Making sensitive data FAIR

FAIR means Findable, Accessible, Interoperable, and Reusable. These are qualities that are important for maximising the value of data in research.

Sensitive data can be made FAIR. Even though you cannot publish it freely and openly online, you can (and should): - Publish open metadata, with clear access conditions to the underlying data.

Apply for project

Some definitions

  • Project: A collection of resource allocations and people, with an expiration date.
  • Compute resources: CPU time used by submitted jobs.
  • Storage resources: GB of disk space. /proj has backup, /proj/no-backup has no backup.
  • Allocation: The amount of resources a project may consume before hitting a limit.
  • Take home message: follow the above instructions, be as complete as detailed as you reasonably can. Submit requests early in the month.

Bianca

  • Bianca is a great platform for computationally intensive research on sensitive personal data. It can also be useful for:
    • national and international collaboration on sensitive personal data (without a high compute need)
    • other types of sensitive data
    • making sensitive data accessible (on Bianca)
  • Bianca is not intended for:
    • storing (inactive) data

Bianca's design

  • Bianca was designed
    • for sensitive data from large-scale molecular experiments
      • but has since grown into new domains
    • to make accidental data leaks difficult
    • to make correct data management as easy as possible
    • to emulate the HPC cluster environment that SNIC/NAISS users were familiar with
    • to provide a maximum amount of resources
    • and to satisfy regulations.

Some definitions

  • Node: A basic "computer", with processor, RAM memory, local disk, and network connection.
  • Core: A part of a processor (CPU), capable of executing a thread of execution.
  • Thread: A series of logical steps, executing a program.
  • Multithreading: A program that runs with many threads in parallel. Each thread can occupy one core.

Bianca has no Internet

... but we have “solutions”

Image

  • Bianca is only accessible from within Sunet (i.e. from university networks).
  • Use VPN outside Sunet. Link to VPN for UU

    • You can get VPN credentials from all Swedish universities.

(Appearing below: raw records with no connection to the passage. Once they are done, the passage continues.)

definition Aterm :: "nat \<Rightarrow> int \<Rightarrow> int \<Rightarrow> elt" where
  "Aterm p a b = esum (\<lambda>i. sc (cst (of_nat (p ^ 2 choose nat (i + 1))) * vp i) (br a (b - i)))
                      {1 .. int p - 2}"

definition Bterm :: "nat \<Rightarrow> int \<Rightarrow> int \<Rightarrow> elt" where
  "Bterm p a b = esum (\<lambda>i. sc (cst (of_nat (p ^ 2 choose nat (i + 1))) * vp i) (br a (b - i)))
                      {int p .. int p ^ 2 - 2}"

definition AB :: "nat \<Rightarrow> int \<Rightarrow> int \<Rightarrow> elt" where
  "AB p a b = eadd (Aterm p a b) (Bterm p a b)"

fun cc :: "nat \<Rightarrow> int \<Rightarrow> int" and dd :: "nat \<Rightarrow> int \<Rightarrow> int" where
  "cc 0 t = 0"
| "cc (Suc 0) t = 0"
| "cc (Suc (Suc 0)) t = (if t = 0 then 1 else 0)"
| "cc (Suc (Suc (Suc k))) t =
     (if t < 0 then 0 else if t = 0 then 1 else dd (Suc (Suc k)) (t - 1) + cc (Suc (Suc k)) t)"
| "dd 0 t = 0"
| "dd (Suc 0) t = 0"
| "dd (Suc (Suc 0)) t = (if t = 0 then 1 else 0)"
| "dd (Suc (Suc (Suc k))) t =
     (if t < 0 then 0 else if t = 0 then 1 else cc (Suc (Suc k)) t)"

definition cT :: "nat \<Rightarrow> int \<Rightarrow> rat" where
  "cT p t = (-1) powi (t + 1) * u1 p powi t"

definition cP :: "int \<Rightarrow> rat" where
  "cP t = (-1) powi (t + 1) * of_int (cc (nat (2 * t + 1)) t)"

  • The whole Bianca cluster (blue) contains hundreds of virtual project clusters (green), each of which is isolated from each other and the Internet.
  • Data can be transferred to or from a virtual project cluster through the wharf, which is a special file area that is visible from the Internet.

10 minute reflection exercise

5 min: Consider your sensitive research data and write down the following:

  • How you store and handle data outside of Bianca
  • Before analysis on Bianca
  • After analysis on Bianca
  • How you treat data inside Bianca (wharf, /proj, /proj/nobackup, home dir ($HOME), etc)
  • How you handle data transfers to/from Bianca

5 min: Go through your list and reflect on which steps are the weakest in terms of information security

Common Questions

What should I do if I have both sensitive and non-sensitive data?

  • It may be convenient to have a separate project on Rackham. Scripts and pipelines can then be built on Rackham and moved to Bianca.
  • Having non-sensitive data on Bianca is okay, if maintaining two separate projects is impractical.

One project or many? When should I apply for another project?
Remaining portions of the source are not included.